**Task goal**
Using the records below, quote only the span that opens with the line containing "(T A) + card" and closes with the line containing "(* Under the", exactly and inclusively.

[The input — start]

(* For any finite group $G$, we have $\alpha_{G,n}\sim |Z(G)|\,|G|^{n-1}$ and $\beta_{G,n}\sim C a^n$ as $n\to\infty$, where $a$ is the maximal cardinality of an abelian subgroup of $G$ and $C$ is some positive constant (depending on $G$). Here $a_n\sim b_n$ means $\lim_{n\to\infty}a_n/b_n=1$.
   Context: For a finite group $G$ and an integer $n\ge 0$, $G$ acts on $G^n$ by simultaneous conjugation $g\cdot(x_1,\dots,x_n)=(gx_1g^{-1},\dots,gx_ng^{-1})$. Let $G^{(n)}=\{(x_1,\dots,x_n)\in G^n : x_ix_j=x_jx_i \text{ for all } 1\le i,j\le n\}$, which is stable under this action. Let $\alpha_{G,n}$ be the number of $G$-orbits on $G^n$ and $\beta_{G,n}$ the number of $G$-orbits on $G^{(n)}$. $Z(G)$ denotes the center of $G$. *)

theory Defs
  imports "HOL-Analysis.Analysis" "HOL-Algebra.Group"
begin

definition grp_center :: "('a, 'b) monoid_scheme \<Rightarrow> 'a set" where
  "grp_center G = {z \<in> carrier G. \<forall>g \<in> carrier G. z \<otimes>\<^bsub>G\<^esub> g = g \<otimes>\<^bsub>G\<^esub> z}"

definition tuples :: "('a, 'b) monoid_scheme \<Rightarrow> nat \<Rightarrow> (nat \<Rightarrow> 'a) set" where
  "tuples G n = {0..<n} \<rightarrow>\<^sub>E carrier G"

definition comm_tuples :: "('a, 'b) monoid_scheme \<Rightarrow> nat \<Rightarrow> (nat \<Rightarrow> 'a) set" where
  "comm_tuples G n = {x \<in> tuples G n. \<forall>i<n. \<forall>j<n. x i \<otimes>\<^bsub>G\<^esub> x j = x j \<otimes>\<^bsub>G\<^esub> x i}"

definition conj_tuple :: "('a, 'b) monoid_scheme \<Rightarrow> nat \<Rightarrow> 'a \<Rightarrow> (nat \<Rightarrow> 'a) \<Rightarrow> (nat \<Rightarrow> 'a)" where
  "conj_tuple G n g x = (\<lambda>i\<in>{0..<n}. g \<otimes>\<^bsub>G\<^esub> x i \<otimes>\<^bsub>G\<^esub> inv\<^bsub>G\<^esub> g)"

definition conj_orbit :: "('a, 'b) monoid_scheme \<Rightarrow> nat \<Rightarrow> (nat \<Rightarrow> 'a) \<Rightarrow> (nat \<Rightarrow> 'a) set" where
  "conj_orbit G n x = (\<lambda>g. conj_tuple G n g x) ` carrier G"

definition num_orbits :: "('a, 'b) monoid_scheme \<Rightarrow> nat \<Rightarrow> (nat \<Rightarrow> 'a) set \<Rightarrow> nat" where
  "num_orbits G n X = card (conj_orbit G n ` X)"

definition alpha :: "('a, 'b) monoid_scheme \<Rightarrow> nat \<Rightarrow> nat" where
  "alpha G n = num_orbits G n (tuples G n)"

definition beta :: "('a, 'b) monoid_scheme \<Rightarrow> nat \<Rightarrow> nat" where
  "beta G n = num_orbits G n (comm_tuples G n)"

definition max_abelian_card :: "('a, 'b) monoid_scheme \<Rightarrow> nat" where
  "max_abelian_card G = Max {card H | H. subgroup H G \<and>
      (\<forall>x\<in>H. \<forall>y\<in>H. x \<otimes>\<^bsub>G\<^esub> y = y \<otimes>\<^bsub>G\<^esub> x)}"

end

(* Burnside's lemma turns each orbit count into a sum over g of the number of tuples fixed by g.
   The tuples fixed by g are those with entries in the centralizer C(g), so
   alpha_n |G| = sum_g |C(g)|^n, which is dominated by the |Z(G)| terms with C(g) = G.
   The commuting tuples fixed by g are those with entries in some pairwise commuting subset
   of C(g). Such a subset lies in its double centralizer, an abelian subgroup, so it has at
   most a elements. A union of the n-th powers of finitely many sets of size at most a grows
   like m a^n, where m counts the sets of size exactly a: two distinct such sets meet in at
   most a - 1 elements, so their overlaps are O((a - 1)^n). For g = 1 a maximal abelian
   subgroup is such a set, which makes the constant positive. *)

theory Submission
  imports Defs "HOL-Algebra.Group_Action"
begin

lemma sum_card_le_card_UN_add_overlaps:
  assumes "finite M" and "\<And>A. A \<in> M \<Longrightarrow> finite (T A)"
  shows "(\<Sum>A\<in>M. card (T A)) \<le>
    card (\<Union>A\<in>M. T A) + (\<Sum>A\<in>M. \<Sum>B\<in>M - {A}. card (T A \<inter> T B))"
  using assms
proof (induction M rule: finite_induct)
  case empty
  then show ?case by simp
next
  case (insert A M)
  let ?overlaps = "\<lambda>M. \<Sum>A\<in>M. \<Sum>B\<in>M - {A}. card (T A \<inter> T B)"
  have IH: "(\<Sum>B\<in>M. card (T B)) \<le> card (\<Union>B\<in>M. T B) + ?overlaps M"
    using insert.IH insert.prems by blast
  have overlaps_A: "card (T A \<inter> (\<Union>B\<in>M. T B)) \<le> (\<Sum>B\<in>M. card (T A \<inter> T B))"
    unfolding Int_UN_distrib by (rule card_UN_le[OF insert.hyps(1)])
  have "?overlaps M \<le> (\<Sum>A'\<in>M. \<Sum>B\<in>insert A M - {A'}. card (T A' \<inter> T B))"
    by (intro sum_mono sum_mono2) (use insert.hyps(1) in auto)
  then have overlaps_insert: "(\<Sum>B\<in>M. card (T A \<inter> T B)) + ?overlaps M \<le> ?overlaps (insert A M)"
    using insert.hyps by (simp add: insert_Diff_if)
  have "card (T A) + card (\<Union>B\<in>M. T B) =
      card (T A \<union> (\<Union>B\<in>M. T B)) + card (T A \<inter> (\<Union>B\<in>M. T B))"
    by (rule card_Un_Int) (use insert in auto)
  then show ?case
    using IH overlaps_A overlaps_insert
    unfolding sum.insert[OF insert.hyps] image_insert Union_insert by linarith
qed
(* Under the hypotheses of the previous setting (with $\mathsf{ALG}$ a deterministic first-order algorithm making $T=d^{1+\delta/6-o(1)}$ queries, whose output equals its last query, and which outputs an $\epsilon$-optimal point, $\epsilon=1/(d^2L)$, of the random $F_{\mathbf{A},V}$ with probability at least $2/3$), there exists $i\in[N-1]$ such that, with probability at least $3/5$ over uniform $\mathbf{A}$ and $\mathbf{v}_1,\dots,\mathbf{v}_N$, both $t_i\le t_{i+1}\le T$ and $t_{i+1}-t_i\le 20T/N$.
   Context: $F_{\mathbf{A},V}(\mathbf{x})=\frac{1}{\sqrt dL}\max\{L\|\mathbf{A}\mathbf{x}\|_\infty-1,\max_{i\in[N]}(\langle\mathbf{v}_i,\mathbf{x}\rangle-i\gamma)\}$ on $\mathbb{B}^d$, $\mathbf{A}$ uniform in $\{-1,1\}^{(d/2)\times d}$, $\mathbf{v}_i$ independent uniform in $\frac1{\sqrt d}\{-1,1\}^d$, $\gamma=\log^2 d/d^{\delta/4}$, $N=d^{\delta/6}/\log^4 d$, $L=\exp(\log^5 d)$, $d$ sufficiently large, $\delta\in(0,1)$. Oracle returns $F(\mathbf{x})$ and subgradient: $\pm\mathbf{A}_j/\sqrt d$ for the smallest row index attaining the maximum via the $\|\mathbf{A}\mathbf{x}\|_\infty$ term, otherwise $\mathbf{v}_i/(\sqrt dL)$ for the smallest maximizing $i$. Correlation time $t_i$: first round in which $\mathsf{ALG}$ queries $\mathbf{x}$ with $|\langle\mathbf{x},\mathbf{v}_i\rangle|\ge\gamma/4$ and $\|\mathbf{A}\mathbf{x}\|_\infty\le 2/L$; $t_i=\infty$ if none. *)

theory Defs
  imports "HOL-Analysis.Analysis"
begin

text \<open>Vectors of R^d are functions nat => real vanishing at indices >= d.
  Matrices A (rows j < d div 2) and the family V (vectors v_1..v_N) are
  functions nat => nat => real vanishing outside their index range.\<close>

type_synonym vec = "nat \<Rightarrow> real"
type_synonym resp = "real \<times> vec"

definition ip :: "nat \<Rightarrow> vec \<Rightarrow> vec \<Rightarrow> real" where
  "ip d x y = (\<Sum>k<d. x k * y k)"

definition unit_ball :: "nat \<Rightarrow> vec set" where
  "unit_ball d = {x. (\<forall>k\<ge>d. x k = 0) \<and> (\<Sum>k<d. (x k)\<^sup>2) \<le> 1}"

definition gam :: "real \<Rightarrow> nat \<Rightarrow> real" where
  "gam \<delta> d = (ln (real d))\<^sup>2 / (real d powr (\<delta> / 4))"

definition NN :: "real \<Rightarrow> nat \<Rightarrow> nat" where
  "NN \<delta> d = nat \<lfloor>real d powr (\<delta> / 6) / (ln (real d)) ^ 4\<rfloor>"

definition LL :: "nat \<Rightarrow> real" where
  "LL d = exp ((ln (real d)) ^ 5)"

definition epsopt :: "nat \<Rightarrow> real" where
  "epsopt d = 1 / ((real d)\<^sup>2 * LL d)"

definition Amats :: "nat \<Rightarrow> (nat \<Rightarrow> nat \<Rightarrow> real) set" where
  "Amats d = {A. (\<forall>j k. j < d div 2 \<and> k < d \<longrightarrow> A j k \<in> {-1, 1}) \<and>
                 (\<forall>j k. \<not> (j < d div 2 \<and> k < d) \<longrightarrow> A j k = 0)}"

definition Vfams :: "nat \<Rightarrow> nat \<Rightarrow> (nat \<Rightarrow> nat \<Rightarrow> real) set" where
  "Vfams d N = {V. (\<forall>i k. 1 \<le> i \<and> i \<le> N \<and> k < d \<longrightarrow> V i k \<in> {-1 / sqrt (real d), 1 / sqrt (real d)}) \<and>
                   (\<forall>i k. \<not> (1 \<le> i \<and> i \<le> N \<and> k < d) \<longrightarrow> V i k = 0)}"

definition Omega :: "real \<Rightarrow> nat \<Rightarrow> ((nat \<Rightarrow> nat \<Rightarrow> real) \<times> (nat \<Rightarrow> nat \<Rightarrow> real)) set" where
  "Omega \<delta> d = Amats d \<times> Vfams d (NN \<delta> d)"

definition prob_ev :: "real \<Rightarrow> nat \<Rightarrow> ((nat \<Rightarrow> nat \<Rightarrow> real) \<times> (nat \<Rightarrow> nat \<Rightarrow> real) \<Rightarrow> bool) \<Rightarrow> real" where
  "prob_ev \<delta> d P = real (card {\<omega> \<in> Omega \<delta> d. P \<omega>}) / real (card (Omega \<delta> d))"
lemma ex_indep_card_rank: "\<exists>I. I \<subseteq> X \<and> indep M I \<and> card I = mrank_of M X"
proof -
  have "{card I | I. I \<subseteq> X \<and> indep M I} \<noteq> {}" using indep_empty by blast
  from Max_in[OF finite_indep_cards this] show ?thesis unfolding mrank_of_def by auto
qed

lemma rank_leI: "(\<And>I. I \<subseteq> X \<Longrightarrow> indep M I \<Longrightarrow> card I \<le> k) \<Longrightarrow> mrank_of M X \<le> k"
  using ex_indep_card_rank by metis

lemma rank_mono: "X \<subseteq> Y \<Longrightarrow> mrank_of M X \<le> mrank_of M Y"
  by (rule rank_leI) (auto intro: card_le_rank)

lemma rank_indep: "indep M I \<Longrightarrow> mrank_of M I = card I"
  by (intro antisym rank_leI card_le_rank) (auto intro: card_mono indep_finite)

lemma card_maximal_indep_eq_rank:
  assumes I: "I \<subseteq> X" "indep M I" and maximal: "\<forall>e\<in>X - I. \<not> indep M (insert e I)"
  shows "card I = mrank_of M X"
proof (rule ccontr)
  obtain J where J: "J \<subseteq> X" "indep M J" "card J = mrank_of M X" using ex_indep_card_rank by blast
  assume "card I \<noteq> mrank_of M X"
  then have "card I < card J" using card_le_rank[OF I] J by simp
  then show False using indep_augment[OF I(2) J(2)] maximal J(1) by blast
qed

lemma mclosure_subset_gr: "mclosure M X \<subseteq> gr M"
  unfolding mclosure_def by auto

lemma subset_mclosure: "X \<subseteq> gr M \<Longrightarrow> X \<subseteq> mclosure M X"
  unfolding mclosure_def by (auto simp: insert_absorb)

lemma indep_extend_to_rank:
  assumes K: "K \<subseteq> Y" "indep M K"
  shows "\<exists>J. K \<subseteq> J \<and> J \<subseteq> Y \<and> indep M J \<and> card J = mrank_of M Y"
proof -
  obtain J0 where J0: "J0 \<subseteq> Y" "indep M J0" "card J0 = mrank_of M Y"
    using ex_indep_card_rank by blast
  then have "card K \<le> card J0" using card_le_rank[OF K] by simp
  then obtain J where "K \<subseteq> J" "J \<subseteq> K \<union> J0" "indep M J" "card J = card J0"
    using indep_augment_to_card[OF K(2) J0(2) _ order_refl] by blast
  then show ?thesis using K(1) J0 by (intro exI[of _ J]) auto
qed

lemma indep_insert_if_notin_mclosure:
  assumes J: "J \<subseteq> Y" "indep M J" "card J = mrank_of M Y" and e: "e \<in> gr M" "e \<notin> mclosure M Y"
  shows "indep M (insert e J)"
proof -
  have "mrank_of M (insert e Y) \<noteq> mrank_of M Y" using e unfolding mclosure_def by blast
  moreover have "mrank_of M Y \<le> mrank_of M (insert e Y)" by (rule rank_mono) blast
  ultimately have "card J < mrank_of M (insert e Y)" using J(3) by linarith
  moreover obtain I where I: "I \<subseteq> insert e Y" "indep M I" "card I = mrank_of M (insert e Y)"
    using ex_indep_card_rank by blast
  ultimately obtain f where f: "f \<in> I - J" "indep M (insert f J)"
    using indep_augment[OF J(2) I(2)] by auto
  have "f = e"
  proof (rule ccontr)
    assume "f \<noteq> e"
    then have "insert f J \<subseteq> Y" using f I(1) J(1) by blast
    then have "card (insert f J) \<le> mrank_of M Y" using f(2) by (rule card_le_rank)
    then show False using f J(3) indep_finite[OF J(2)] by simp
  qed
  then show ?thesis using f(2) by simp
qed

[The input — finish]

**Answer box**
  have "card (T A) + card (\<Union>B\<in>M. T B) =
      card (T A \<union> (\<Union>B\<in>M. T B)) + card (T A \<inter> (\<Union>B\<in>M. T B))"
    by (rule card_Un_Int) (use insert in auto)
  then show ?case
    using IH overlaps_A overlaps_insert
    unfolding sum.insert[OF insert.hyps] image_insert Union_insert by linarith
qed
(* Under the hypotheses of the previous setting (with $\mathsf{ALG}$ a deterministic first-order algorithm making $T=d^{1+\delta/6-o(1)}$ queries, whose output equals its last query, and which outputs an $\epsilon$-optimal point, $\epsilon=1/(d^2L)$, of the random $F_{\mathbf{A},V}$ with probability at least $2/3$), there exists $i\in[N-1]$ such that, with probability at least $3/5$ over uniform $\mathbf{A}$ and $\mathbf{v}_1,\dots,\mathbf{v}_N$, both $t_i\le t_{i+1}\le T$ and $t_{i+1}-t_i\le 20T/N$.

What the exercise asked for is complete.